Description of the task: Only lines containing "exactly" are wanted from the data below. Copy those lines.

Information shown:
⁂

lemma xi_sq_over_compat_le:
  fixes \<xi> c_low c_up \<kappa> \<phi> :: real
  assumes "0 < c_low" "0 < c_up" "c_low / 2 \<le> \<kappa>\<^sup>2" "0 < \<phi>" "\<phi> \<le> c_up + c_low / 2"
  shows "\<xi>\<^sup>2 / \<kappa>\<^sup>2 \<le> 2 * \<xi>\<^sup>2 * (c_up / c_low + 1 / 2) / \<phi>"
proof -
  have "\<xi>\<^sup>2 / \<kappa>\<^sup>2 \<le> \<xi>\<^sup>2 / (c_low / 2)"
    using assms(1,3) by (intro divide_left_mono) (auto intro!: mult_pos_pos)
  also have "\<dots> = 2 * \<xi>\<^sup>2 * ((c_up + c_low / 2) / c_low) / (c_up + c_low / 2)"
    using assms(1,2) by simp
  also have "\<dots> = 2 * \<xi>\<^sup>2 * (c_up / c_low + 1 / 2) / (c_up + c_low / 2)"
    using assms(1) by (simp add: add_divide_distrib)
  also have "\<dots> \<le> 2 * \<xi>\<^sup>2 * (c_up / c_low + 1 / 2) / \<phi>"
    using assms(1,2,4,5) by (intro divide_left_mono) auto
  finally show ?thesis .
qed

⁂

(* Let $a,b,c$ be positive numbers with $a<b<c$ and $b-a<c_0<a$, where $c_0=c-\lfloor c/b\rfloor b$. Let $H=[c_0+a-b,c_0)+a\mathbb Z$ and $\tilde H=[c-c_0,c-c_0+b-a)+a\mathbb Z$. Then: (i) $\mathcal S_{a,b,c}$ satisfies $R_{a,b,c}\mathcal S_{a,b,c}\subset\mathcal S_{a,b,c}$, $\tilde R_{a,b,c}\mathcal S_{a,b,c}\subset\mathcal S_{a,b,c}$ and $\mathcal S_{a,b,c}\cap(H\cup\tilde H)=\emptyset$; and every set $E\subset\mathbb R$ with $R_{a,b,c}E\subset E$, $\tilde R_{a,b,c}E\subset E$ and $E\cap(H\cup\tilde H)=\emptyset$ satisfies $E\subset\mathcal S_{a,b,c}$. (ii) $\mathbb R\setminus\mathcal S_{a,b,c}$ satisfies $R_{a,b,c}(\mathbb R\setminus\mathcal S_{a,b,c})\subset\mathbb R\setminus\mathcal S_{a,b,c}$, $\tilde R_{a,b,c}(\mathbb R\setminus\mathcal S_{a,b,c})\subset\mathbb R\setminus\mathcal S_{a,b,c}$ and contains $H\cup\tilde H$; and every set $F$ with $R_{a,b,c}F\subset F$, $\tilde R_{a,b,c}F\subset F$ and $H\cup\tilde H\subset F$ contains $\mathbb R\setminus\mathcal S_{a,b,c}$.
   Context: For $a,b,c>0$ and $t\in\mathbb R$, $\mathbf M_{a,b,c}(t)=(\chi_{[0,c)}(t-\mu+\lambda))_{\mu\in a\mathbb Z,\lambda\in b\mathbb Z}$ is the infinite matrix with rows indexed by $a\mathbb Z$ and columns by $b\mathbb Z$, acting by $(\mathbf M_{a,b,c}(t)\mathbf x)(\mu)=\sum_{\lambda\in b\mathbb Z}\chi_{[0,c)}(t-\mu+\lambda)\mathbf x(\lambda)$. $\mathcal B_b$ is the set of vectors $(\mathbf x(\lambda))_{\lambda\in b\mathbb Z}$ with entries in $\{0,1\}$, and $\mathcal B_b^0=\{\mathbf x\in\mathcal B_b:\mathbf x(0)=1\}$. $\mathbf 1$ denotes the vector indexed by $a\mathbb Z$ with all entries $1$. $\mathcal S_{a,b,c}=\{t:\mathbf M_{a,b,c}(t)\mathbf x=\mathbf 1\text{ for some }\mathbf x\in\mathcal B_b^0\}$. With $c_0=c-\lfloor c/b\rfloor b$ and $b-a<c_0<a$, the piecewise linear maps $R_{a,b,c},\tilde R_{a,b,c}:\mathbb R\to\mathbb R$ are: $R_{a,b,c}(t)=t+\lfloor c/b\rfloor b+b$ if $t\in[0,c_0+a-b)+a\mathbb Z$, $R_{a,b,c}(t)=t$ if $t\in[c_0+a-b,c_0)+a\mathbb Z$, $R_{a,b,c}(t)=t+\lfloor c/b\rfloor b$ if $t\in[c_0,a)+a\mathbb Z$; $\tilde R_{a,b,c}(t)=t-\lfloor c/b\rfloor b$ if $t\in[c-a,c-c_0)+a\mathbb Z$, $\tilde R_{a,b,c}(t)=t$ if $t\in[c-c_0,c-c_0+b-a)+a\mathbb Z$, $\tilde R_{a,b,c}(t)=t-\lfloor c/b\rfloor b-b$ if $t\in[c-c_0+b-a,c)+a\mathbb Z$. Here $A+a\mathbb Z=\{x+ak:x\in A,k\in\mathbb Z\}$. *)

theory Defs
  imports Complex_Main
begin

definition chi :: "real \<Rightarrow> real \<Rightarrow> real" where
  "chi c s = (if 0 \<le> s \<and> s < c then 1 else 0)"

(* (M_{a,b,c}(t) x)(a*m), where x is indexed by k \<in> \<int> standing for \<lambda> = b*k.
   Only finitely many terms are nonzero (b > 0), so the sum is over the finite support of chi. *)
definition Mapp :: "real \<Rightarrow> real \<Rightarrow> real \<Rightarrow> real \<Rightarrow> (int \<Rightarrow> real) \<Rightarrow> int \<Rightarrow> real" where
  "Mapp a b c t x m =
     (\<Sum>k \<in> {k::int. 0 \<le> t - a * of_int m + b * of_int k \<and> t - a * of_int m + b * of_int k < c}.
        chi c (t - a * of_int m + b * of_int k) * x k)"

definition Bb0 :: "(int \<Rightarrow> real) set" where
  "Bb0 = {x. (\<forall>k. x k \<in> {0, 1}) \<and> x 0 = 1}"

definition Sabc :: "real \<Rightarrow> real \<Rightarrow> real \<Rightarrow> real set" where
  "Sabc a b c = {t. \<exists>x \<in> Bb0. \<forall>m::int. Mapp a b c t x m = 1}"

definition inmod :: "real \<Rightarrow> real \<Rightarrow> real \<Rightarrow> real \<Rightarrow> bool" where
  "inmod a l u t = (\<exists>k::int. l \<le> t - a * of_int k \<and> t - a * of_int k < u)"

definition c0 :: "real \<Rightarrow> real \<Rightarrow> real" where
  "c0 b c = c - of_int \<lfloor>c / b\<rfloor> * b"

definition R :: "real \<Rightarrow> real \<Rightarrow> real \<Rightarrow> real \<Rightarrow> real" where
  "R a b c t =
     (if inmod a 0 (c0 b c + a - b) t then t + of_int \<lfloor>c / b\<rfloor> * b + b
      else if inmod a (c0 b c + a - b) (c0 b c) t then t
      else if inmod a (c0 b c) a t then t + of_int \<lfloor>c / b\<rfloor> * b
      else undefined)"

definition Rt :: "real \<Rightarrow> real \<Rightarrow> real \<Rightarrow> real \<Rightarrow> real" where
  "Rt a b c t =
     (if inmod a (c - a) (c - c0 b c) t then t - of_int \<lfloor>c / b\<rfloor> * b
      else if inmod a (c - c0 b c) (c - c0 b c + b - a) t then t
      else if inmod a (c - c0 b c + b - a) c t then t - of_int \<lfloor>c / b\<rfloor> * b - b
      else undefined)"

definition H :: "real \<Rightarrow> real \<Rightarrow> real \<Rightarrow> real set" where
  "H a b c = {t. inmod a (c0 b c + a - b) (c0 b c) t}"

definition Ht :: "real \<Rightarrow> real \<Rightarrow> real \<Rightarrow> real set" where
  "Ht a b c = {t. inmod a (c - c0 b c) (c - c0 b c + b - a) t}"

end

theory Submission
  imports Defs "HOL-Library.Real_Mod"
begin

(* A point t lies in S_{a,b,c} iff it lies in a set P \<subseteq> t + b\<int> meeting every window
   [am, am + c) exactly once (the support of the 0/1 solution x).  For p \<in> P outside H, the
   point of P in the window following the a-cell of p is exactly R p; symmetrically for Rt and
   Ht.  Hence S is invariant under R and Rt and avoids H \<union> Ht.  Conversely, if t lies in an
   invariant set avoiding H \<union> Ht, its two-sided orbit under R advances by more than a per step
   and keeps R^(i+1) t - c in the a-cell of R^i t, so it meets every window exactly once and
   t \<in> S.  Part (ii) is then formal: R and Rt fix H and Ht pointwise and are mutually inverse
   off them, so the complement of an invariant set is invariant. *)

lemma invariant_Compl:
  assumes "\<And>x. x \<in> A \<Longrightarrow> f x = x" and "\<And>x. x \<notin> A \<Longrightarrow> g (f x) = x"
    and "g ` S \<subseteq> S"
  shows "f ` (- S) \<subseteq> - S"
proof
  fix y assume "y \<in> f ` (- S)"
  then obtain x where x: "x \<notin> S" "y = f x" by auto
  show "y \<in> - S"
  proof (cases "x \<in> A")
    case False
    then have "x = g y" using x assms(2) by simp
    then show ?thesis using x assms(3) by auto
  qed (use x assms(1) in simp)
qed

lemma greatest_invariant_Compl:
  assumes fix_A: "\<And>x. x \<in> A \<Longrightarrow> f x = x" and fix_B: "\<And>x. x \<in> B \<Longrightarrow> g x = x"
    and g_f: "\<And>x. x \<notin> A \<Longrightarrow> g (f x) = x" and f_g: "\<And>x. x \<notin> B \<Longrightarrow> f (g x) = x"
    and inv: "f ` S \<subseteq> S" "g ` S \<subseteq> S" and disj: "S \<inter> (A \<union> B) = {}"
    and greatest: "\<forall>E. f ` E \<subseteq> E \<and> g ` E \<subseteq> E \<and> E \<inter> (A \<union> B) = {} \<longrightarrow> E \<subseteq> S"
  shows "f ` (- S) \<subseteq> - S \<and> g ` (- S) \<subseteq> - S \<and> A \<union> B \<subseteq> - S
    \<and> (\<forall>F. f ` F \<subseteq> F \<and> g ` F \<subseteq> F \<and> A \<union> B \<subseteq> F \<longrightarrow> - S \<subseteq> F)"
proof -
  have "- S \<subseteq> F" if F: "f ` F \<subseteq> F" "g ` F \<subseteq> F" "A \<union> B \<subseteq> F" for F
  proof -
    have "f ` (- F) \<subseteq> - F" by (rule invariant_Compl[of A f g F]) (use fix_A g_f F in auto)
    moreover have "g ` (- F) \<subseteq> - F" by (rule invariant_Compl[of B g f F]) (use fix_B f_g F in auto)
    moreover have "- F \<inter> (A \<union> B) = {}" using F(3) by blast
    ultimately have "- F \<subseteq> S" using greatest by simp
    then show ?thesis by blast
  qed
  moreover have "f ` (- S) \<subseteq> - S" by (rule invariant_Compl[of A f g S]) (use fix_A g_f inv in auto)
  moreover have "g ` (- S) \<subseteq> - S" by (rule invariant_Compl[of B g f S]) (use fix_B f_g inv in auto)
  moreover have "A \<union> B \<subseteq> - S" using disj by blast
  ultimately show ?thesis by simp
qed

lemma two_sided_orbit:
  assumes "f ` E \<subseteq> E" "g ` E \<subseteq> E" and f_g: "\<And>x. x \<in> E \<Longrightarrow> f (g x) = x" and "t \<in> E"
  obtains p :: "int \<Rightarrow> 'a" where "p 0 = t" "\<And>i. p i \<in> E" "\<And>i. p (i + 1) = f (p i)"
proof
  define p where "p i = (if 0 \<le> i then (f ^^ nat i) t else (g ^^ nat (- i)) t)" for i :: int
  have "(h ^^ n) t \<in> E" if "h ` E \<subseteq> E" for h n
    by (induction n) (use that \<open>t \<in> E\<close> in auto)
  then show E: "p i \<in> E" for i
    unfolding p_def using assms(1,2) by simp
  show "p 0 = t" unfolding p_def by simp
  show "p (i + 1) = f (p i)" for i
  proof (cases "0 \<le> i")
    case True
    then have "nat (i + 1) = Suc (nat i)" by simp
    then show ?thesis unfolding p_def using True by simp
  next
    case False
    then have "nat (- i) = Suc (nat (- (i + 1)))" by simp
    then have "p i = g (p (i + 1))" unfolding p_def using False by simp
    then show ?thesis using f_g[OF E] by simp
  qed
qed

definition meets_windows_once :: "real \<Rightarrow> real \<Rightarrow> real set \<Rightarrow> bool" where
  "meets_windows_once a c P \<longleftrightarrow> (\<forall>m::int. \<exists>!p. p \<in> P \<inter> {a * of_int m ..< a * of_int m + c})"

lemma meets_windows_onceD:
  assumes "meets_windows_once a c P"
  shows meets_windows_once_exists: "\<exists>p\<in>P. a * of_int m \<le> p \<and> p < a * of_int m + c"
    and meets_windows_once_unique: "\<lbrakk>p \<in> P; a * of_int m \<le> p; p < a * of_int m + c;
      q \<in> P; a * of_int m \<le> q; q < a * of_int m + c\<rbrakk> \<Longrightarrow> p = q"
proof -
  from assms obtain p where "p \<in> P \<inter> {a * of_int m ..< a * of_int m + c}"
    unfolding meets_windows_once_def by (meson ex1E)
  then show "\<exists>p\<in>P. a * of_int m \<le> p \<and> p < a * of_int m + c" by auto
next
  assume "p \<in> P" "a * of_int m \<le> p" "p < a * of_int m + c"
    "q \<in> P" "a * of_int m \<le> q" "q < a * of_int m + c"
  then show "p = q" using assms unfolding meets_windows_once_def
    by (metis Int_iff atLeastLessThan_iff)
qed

⁂

Expected output:
   [am, am + c) exactly once (the support of the 0/1 solution x).  For p \<in> P outside H, the
   point of P in the window following the a-cell of p is exactly R p; symmetrically for Rt and
   and keeps R^(i+1) t - c in the a-cell of R^i t, so it meets every window exactly once and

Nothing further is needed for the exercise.